→ PROBLEM STATEMENT
The lines from the start of the records below through the line containing "proof (rule continuous_on_compose2[OF" are to be copied exactly, both ends included, with nothing added.

Collected data entries
+---+

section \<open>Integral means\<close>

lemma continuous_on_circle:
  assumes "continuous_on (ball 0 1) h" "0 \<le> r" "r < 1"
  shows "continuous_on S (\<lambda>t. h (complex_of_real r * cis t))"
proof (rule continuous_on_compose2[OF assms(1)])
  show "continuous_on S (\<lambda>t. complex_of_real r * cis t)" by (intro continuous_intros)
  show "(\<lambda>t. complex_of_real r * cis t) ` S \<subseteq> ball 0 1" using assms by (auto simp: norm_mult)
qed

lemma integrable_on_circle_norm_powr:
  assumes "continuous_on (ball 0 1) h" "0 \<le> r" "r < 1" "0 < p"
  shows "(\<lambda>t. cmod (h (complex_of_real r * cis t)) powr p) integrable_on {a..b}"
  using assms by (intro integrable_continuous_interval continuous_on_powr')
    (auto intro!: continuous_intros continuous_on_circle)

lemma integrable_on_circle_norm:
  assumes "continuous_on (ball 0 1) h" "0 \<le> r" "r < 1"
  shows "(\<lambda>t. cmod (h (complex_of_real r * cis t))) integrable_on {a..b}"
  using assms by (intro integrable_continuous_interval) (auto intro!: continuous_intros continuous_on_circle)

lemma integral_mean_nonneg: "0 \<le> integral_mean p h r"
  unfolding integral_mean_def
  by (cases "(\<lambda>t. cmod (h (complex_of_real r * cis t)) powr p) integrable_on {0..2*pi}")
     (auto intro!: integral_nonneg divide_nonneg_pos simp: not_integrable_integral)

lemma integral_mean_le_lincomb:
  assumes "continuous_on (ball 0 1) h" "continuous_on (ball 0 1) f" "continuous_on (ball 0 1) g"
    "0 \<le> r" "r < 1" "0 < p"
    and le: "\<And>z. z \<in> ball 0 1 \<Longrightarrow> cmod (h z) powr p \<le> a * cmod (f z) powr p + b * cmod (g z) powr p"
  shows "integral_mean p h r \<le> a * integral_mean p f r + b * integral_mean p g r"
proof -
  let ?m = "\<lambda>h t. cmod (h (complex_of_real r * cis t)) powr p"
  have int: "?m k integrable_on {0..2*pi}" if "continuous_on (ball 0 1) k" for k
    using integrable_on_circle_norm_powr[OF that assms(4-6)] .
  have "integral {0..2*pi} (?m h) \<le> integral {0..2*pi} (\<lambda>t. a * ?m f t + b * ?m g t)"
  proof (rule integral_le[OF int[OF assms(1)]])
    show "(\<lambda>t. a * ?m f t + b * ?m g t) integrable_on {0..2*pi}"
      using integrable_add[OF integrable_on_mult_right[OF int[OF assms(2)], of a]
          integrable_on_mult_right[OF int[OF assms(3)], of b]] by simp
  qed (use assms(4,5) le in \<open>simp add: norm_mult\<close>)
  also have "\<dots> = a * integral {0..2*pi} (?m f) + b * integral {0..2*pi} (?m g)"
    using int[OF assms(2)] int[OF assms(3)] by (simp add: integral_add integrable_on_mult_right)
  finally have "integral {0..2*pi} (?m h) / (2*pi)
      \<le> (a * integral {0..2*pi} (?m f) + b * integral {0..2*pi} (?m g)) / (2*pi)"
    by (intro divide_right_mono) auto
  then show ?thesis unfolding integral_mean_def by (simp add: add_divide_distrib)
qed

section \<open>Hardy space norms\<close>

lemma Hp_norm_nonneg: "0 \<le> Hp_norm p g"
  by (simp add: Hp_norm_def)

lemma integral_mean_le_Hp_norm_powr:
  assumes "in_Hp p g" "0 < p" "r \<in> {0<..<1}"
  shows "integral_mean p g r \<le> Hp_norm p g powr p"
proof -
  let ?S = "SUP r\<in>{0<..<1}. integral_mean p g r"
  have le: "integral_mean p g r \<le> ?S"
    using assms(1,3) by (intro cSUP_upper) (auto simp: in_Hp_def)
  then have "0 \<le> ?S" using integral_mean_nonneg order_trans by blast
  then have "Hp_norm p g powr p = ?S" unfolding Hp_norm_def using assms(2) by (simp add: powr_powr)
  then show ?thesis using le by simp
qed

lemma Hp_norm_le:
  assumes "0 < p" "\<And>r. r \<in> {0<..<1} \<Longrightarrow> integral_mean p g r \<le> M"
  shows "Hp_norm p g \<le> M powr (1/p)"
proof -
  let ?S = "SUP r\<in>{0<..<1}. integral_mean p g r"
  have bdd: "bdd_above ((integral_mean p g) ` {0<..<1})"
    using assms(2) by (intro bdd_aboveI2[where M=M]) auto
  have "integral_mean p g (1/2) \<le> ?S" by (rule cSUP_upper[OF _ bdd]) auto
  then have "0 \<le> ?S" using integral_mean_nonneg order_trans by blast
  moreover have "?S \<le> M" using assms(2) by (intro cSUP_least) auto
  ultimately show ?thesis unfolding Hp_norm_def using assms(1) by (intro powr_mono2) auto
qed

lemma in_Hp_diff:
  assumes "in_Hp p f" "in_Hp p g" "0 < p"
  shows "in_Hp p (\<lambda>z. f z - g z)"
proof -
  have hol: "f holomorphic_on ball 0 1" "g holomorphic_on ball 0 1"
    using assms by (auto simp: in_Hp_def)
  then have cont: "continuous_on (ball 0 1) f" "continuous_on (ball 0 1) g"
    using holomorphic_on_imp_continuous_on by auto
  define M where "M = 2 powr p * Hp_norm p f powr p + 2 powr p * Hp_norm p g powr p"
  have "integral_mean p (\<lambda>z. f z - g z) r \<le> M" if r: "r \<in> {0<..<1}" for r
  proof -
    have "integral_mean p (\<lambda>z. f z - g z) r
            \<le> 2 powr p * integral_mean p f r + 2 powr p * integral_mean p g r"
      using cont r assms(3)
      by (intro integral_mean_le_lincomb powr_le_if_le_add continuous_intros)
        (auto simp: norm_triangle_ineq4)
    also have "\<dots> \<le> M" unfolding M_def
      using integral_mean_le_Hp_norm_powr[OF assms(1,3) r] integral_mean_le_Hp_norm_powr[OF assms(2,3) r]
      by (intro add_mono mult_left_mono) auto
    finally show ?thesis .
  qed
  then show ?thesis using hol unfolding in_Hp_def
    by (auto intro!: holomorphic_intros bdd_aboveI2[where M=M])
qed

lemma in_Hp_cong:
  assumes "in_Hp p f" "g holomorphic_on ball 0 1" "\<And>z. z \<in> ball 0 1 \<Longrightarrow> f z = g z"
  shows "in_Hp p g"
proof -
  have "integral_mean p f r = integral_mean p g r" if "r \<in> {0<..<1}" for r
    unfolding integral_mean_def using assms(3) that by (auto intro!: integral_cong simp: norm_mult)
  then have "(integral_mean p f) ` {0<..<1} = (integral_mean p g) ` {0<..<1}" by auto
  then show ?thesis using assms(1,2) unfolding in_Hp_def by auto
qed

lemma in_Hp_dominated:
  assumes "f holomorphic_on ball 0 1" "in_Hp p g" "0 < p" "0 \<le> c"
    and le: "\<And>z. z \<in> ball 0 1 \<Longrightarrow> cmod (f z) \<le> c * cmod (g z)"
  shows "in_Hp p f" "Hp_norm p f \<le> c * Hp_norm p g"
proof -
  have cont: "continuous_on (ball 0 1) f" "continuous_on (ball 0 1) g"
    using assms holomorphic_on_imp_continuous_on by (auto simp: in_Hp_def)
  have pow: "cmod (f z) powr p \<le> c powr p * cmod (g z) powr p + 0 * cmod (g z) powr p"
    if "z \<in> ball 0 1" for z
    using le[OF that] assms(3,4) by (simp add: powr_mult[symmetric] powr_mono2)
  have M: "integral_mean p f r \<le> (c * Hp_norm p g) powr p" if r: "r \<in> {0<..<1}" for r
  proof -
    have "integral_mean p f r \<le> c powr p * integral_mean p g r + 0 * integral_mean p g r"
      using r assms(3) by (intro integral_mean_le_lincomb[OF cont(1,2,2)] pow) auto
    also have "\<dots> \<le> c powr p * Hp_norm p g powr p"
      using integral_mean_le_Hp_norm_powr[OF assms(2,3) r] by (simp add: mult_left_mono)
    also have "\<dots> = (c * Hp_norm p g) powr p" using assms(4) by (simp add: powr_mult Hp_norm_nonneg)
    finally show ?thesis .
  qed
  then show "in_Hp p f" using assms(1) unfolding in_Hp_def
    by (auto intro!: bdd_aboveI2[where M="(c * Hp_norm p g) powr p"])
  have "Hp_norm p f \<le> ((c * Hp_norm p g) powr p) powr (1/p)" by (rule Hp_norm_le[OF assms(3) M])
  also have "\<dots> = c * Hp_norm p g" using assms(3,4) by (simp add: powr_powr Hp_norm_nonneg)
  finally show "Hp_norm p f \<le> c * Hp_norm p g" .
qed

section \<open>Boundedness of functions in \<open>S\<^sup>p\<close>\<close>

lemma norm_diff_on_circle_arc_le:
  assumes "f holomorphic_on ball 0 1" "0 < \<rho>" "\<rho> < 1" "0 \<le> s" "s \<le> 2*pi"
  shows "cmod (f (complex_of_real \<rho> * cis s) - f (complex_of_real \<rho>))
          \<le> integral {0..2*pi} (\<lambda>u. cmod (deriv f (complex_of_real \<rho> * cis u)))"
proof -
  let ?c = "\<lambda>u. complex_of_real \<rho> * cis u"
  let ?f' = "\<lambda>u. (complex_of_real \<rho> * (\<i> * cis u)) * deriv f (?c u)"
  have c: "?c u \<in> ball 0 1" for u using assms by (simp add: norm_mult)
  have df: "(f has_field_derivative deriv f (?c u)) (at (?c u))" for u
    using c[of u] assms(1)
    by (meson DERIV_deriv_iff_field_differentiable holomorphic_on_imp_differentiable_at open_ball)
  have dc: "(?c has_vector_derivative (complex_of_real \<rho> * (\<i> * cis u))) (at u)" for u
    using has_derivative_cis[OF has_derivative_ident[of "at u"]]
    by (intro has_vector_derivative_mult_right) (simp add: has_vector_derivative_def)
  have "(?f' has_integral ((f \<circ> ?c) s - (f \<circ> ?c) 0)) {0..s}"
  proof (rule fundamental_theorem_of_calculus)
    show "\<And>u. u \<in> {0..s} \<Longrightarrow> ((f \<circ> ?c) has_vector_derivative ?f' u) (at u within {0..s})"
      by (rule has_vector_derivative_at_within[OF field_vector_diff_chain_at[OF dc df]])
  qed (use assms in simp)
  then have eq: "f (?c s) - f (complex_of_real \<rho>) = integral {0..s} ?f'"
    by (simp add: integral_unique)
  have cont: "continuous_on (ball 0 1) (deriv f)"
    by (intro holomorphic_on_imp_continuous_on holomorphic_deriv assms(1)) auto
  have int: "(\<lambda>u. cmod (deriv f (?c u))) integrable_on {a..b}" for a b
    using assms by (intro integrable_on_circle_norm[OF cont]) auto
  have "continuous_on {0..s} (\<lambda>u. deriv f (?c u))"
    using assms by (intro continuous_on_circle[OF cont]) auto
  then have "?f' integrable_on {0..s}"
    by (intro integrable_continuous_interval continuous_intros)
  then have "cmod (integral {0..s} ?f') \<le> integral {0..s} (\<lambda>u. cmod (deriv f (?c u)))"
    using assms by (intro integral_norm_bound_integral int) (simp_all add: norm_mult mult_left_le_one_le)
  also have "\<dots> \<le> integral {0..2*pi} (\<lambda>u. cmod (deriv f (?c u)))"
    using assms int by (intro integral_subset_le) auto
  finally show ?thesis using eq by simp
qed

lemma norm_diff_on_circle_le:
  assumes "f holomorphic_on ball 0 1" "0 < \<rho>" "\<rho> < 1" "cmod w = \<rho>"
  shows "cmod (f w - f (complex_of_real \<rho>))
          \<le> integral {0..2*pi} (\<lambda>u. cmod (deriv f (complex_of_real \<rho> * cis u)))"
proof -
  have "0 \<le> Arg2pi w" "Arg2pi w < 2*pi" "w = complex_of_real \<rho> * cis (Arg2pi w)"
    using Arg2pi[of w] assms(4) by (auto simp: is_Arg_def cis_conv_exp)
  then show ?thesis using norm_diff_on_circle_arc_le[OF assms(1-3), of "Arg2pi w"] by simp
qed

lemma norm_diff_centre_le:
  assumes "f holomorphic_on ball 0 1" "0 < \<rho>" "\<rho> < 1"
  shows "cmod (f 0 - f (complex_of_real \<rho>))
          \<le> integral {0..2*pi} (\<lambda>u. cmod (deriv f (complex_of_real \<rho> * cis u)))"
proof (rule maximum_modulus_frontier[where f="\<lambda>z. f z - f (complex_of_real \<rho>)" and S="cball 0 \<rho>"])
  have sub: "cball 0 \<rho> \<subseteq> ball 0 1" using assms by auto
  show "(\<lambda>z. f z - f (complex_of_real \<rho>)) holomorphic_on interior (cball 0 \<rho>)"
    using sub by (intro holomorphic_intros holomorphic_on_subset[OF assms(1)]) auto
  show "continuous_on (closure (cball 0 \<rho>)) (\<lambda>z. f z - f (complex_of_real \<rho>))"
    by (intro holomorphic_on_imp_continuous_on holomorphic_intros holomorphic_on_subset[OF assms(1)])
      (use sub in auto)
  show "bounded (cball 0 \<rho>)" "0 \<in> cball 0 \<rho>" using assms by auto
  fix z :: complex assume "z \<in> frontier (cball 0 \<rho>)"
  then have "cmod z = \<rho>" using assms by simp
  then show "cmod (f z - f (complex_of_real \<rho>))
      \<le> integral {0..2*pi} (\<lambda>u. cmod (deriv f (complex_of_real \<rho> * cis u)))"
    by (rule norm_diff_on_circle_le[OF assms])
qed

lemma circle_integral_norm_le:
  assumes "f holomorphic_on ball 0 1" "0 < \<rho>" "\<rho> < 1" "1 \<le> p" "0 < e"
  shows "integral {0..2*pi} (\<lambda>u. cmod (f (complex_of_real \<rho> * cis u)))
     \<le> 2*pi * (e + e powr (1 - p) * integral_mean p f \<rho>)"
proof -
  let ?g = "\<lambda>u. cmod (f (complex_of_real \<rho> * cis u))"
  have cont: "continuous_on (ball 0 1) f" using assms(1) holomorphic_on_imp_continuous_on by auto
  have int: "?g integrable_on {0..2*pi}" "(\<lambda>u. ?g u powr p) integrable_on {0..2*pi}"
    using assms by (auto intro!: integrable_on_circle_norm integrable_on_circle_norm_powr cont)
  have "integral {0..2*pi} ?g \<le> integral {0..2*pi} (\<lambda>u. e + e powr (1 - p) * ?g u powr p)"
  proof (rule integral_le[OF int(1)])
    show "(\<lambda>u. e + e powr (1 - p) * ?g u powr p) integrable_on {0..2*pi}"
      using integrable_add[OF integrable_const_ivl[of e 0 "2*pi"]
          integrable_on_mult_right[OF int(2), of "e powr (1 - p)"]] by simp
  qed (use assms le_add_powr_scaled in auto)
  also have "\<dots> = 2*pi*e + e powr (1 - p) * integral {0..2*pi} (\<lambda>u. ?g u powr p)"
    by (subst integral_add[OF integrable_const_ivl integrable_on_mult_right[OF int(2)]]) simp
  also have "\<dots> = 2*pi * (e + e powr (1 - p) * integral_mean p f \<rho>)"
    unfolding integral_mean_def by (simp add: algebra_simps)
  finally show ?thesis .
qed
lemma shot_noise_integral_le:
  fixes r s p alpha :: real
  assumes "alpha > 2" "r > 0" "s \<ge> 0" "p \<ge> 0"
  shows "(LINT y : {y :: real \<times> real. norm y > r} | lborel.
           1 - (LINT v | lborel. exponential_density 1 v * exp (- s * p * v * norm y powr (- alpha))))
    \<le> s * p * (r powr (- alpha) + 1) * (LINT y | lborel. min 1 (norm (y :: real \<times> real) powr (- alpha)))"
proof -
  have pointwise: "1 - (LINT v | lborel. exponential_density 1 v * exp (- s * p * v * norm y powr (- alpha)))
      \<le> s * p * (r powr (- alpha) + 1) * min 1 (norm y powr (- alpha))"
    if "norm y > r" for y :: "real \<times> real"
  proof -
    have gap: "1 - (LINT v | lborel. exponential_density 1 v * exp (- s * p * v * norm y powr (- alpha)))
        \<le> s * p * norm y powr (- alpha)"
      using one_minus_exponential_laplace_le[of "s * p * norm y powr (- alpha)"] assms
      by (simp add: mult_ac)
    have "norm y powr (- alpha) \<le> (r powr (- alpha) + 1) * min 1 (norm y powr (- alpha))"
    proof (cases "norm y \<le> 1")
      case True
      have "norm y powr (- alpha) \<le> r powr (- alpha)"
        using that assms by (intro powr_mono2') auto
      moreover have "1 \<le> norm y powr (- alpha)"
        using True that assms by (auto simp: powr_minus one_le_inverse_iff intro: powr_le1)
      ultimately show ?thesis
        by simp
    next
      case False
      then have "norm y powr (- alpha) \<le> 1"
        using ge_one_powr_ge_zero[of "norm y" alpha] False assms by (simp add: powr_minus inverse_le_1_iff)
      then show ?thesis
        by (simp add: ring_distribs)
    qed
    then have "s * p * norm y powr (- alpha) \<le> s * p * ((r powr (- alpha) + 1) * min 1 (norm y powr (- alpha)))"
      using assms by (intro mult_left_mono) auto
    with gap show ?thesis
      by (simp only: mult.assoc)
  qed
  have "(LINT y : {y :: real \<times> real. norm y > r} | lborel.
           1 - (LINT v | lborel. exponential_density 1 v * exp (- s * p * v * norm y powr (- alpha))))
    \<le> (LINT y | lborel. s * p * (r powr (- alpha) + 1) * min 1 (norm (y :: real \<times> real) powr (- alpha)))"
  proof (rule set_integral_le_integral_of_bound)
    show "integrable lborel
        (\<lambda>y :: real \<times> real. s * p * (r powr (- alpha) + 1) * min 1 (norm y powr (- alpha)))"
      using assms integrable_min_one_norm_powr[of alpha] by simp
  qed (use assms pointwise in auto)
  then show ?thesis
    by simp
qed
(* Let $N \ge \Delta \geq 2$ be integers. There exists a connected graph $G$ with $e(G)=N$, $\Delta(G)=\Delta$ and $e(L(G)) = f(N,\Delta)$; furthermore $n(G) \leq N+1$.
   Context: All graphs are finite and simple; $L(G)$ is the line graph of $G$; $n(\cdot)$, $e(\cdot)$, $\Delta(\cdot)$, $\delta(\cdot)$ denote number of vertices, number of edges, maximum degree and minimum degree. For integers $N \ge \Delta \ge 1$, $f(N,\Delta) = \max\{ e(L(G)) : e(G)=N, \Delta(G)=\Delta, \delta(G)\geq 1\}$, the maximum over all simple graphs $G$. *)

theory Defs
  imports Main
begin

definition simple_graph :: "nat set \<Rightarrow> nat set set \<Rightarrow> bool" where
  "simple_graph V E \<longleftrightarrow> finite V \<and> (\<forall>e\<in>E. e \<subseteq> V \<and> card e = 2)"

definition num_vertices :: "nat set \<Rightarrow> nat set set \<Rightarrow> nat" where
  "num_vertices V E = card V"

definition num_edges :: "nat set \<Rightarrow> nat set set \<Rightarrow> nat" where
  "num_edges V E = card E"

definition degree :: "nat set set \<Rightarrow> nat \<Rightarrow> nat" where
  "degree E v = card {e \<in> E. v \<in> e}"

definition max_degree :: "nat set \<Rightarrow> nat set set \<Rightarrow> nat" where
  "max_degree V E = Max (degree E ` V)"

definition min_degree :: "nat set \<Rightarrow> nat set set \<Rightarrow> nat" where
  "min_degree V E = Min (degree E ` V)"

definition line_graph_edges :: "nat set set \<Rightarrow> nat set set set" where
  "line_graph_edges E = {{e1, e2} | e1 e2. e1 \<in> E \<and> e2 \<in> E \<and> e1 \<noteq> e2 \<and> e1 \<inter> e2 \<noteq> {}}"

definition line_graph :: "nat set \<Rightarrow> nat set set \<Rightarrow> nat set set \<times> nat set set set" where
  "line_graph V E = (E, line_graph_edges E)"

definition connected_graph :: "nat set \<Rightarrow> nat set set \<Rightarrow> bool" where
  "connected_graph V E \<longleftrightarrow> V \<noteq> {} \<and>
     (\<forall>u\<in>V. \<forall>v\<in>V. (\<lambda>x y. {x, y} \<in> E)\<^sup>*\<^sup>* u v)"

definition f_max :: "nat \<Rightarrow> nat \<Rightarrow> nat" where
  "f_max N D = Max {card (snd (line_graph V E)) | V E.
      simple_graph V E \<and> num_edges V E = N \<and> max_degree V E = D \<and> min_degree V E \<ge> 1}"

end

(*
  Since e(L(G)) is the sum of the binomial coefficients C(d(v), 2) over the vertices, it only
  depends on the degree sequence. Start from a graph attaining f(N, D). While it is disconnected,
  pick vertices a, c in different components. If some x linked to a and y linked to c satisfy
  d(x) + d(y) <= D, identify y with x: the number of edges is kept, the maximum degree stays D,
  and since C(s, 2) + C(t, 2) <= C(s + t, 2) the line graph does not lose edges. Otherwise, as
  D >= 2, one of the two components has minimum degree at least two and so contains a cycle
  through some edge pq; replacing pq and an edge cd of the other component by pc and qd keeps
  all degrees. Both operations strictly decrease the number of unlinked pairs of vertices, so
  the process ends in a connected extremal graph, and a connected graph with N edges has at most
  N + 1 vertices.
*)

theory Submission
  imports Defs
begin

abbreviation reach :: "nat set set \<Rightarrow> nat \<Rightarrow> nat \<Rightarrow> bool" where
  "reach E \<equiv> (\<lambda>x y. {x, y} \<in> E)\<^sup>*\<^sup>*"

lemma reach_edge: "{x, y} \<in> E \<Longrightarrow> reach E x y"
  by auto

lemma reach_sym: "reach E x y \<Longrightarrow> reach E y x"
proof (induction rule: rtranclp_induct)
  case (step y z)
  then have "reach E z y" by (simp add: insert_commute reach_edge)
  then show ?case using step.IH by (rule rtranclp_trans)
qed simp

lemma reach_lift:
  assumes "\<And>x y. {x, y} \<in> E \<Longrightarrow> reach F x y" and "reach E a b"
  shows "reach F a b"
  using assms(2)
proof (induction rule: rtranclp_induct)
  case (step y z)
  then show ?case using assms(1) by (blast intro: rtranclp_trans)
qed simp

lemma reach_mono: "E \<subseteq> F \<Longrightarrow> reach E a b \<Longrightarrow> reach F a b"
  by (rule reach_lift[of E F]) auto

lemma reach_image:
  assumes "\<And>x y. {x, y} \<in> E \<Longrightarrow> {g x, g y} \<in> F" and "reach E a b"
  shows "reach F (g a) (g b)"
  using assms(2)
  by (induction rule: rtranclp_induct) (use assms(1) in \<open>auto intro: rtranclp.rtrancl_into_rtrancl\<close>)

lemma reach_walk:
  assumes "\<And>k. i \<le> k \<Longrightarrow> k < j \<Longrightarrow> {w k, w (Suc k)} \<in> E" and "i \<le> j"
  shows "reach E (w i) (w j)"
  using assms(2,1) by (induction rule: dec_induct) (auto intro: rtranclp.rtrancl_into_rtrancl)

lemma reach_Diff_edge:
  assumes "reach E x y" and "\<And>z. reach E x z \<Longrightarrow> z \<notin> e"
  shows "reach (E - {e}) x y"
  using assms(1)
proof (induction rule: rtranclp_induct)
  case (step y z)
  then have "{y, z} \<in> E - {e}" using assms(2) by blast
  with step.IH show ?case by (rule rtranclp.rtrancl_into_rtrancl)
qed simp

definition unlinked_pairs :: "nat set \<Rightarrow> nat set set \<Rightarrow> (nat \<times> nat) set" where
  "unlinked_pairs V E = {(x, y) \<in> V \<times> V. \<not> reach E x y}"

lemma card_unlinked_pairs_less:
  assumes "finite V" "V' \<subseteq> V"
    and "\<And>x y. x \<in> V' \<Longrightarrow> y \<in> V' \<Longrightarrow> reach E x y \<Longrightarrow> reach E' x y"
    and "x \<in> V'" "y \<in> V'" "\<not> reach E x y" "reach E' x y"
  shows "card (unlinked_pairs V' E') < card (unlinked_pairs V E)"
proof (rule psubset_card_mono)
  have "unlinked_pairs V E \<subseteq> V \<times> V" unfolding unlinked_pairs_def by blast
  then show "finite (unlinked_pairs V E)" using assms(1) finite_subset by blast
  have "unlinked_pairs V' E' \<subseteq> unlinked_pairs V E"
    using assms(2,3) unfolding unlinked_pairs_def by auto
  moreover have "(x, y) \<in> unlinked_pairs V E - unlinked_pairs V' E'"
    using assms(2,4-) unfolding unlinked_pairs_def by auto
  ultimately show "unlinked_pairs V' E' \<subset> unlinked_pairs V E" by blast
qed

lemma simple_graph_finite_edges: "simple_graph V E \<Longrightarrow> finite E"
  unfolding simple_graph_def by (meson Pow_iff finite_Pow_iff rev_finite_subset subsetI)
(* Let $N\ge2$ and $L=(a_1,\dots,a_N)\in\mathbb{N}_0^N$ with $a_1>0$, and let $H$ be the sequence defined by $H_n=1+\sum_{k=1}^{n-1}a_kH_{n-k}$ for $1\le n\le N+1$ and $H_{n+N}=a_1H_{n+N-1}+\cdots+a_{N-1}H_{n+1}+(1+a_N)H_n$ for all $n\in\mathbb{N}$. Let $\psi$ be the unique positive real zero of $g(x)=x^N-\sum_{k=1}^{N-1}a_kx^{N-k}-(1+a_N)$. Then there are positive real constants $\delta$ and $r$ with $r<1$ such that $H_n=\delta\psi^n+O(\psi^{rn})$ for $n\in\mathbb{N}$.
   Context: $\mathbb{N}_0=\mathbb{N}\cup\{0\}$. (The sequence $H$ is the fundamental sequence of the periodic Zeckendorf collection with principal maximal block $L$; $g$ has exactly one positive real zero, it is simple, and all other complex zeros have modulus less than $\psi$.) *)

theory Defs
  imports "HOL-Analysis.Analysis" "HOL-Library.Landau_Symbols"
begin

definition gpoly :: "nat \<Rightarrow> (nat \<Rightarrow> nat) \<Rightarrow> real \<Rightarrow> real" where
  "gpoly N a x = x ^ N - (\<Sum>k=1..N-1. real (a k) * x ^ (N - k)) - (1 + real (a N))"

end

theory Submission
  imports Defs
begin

+---+

→ FINAL ANSWER
section \<open>Integral means\<close>

lemma continuous_on_circle:
  assumes "continuous_on (ball 0 1) h" "0 \<le> r" "r < 1"
  shows "continuous_on S (\<lambda>t. h (complex_of_real r * cis t))"
proof (rule continuous_on_compose2[OF assms(1)])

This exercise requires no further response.